--- YOUR TASK ---
Which lines of the records contain the word "real"? Show each of them.

(Collected data)
== Segment start ==
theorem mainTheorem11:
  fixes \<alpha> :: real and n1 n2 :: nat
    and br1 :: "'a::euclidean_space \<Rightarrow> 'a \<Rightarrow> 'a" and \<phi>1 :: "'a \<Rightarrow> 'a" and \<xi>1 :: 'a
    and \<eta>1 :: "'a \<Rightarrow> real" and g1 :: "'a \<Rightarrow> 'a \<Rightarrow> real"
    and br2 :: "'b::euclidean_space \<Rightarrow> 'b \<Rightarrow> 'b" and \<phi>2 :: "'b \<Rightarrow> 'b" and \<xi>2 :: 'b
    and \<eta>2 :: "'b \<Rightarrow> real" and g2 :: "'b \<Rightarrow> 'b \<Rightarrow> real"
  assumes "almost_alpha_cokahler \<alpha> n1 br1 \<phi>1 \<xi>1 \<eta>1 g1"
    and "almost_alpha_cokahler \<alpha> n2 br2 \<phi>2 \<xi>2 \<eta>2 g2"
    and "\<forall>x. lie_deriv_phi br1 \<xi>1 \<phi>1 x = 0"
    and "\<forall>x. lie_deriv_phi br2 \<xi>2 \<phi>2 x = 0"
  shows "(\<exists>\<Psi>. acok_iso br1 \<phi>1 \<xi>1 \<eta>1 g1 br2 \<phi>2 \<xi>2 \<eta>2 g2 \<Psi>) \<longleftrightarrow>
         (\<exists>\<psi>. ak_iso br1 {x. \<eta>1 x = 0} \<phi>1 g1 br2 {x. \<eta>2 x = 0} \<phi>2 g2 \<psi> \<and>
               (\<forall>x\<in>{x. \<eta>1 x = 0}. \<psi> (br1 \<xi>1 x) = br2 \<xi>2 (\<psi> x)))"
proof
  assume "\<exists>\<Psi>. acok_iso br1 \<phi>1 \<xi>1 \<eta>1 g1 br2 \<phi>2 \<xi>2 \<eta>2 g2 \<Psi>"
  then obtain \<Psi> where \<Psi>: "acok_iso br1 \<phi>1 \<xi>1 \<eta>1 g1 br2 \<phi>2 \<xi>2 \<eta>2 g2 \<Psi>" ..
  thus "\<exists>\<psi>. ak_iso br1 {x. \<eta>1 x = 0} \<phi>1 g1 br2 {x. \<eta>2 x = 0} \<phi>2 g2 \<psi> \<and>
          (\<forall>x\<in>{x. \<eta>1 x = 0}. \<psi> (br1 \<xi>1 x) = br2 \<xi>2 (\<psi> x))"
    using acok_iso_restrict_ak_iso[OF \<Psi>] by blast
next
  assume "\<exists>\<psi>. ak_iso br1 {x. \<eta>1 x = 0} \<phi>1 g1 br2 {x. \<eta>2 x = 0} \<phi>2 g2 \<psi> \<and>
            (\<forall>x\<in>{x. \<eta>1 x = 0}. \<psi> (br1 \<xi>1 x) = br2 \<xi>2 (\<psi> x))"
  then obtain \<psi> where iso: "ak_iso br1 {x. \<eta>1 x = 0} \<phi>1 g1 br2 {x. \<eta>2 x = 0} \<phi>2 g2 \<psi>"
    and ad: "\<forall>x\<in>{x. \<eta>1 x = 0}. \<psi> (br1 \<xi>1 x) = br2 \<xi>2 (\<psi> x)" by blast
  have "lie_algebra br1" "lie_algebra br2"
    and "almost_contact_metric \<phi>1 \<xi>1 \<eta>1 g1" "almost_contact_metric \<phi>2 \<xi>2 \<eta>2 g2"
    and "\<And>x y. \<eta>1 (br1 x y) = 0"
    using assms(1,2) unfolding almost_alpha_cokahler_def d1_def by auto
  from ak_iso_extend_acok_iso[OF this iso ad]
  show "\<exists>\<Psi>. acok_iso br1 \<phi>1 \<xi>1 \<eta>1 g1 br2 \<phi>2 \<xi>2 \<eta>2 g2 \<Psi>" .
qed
== Segment end ==
--- RESULT OF THIS EXERCISE ---
  fixes \<alpha> :: real and n1 n2 :: nat
    and \<eta>1 :: "'a \<Rightarrow> real" and g1 :: "'a \<Rightarrow> 'a \<Rightarrow> real"
    and \<eta>2 :: "'b \<Rightarrow> real" and g2 :: "'b \<Rightarrow> 'b \<Rightarrow> real"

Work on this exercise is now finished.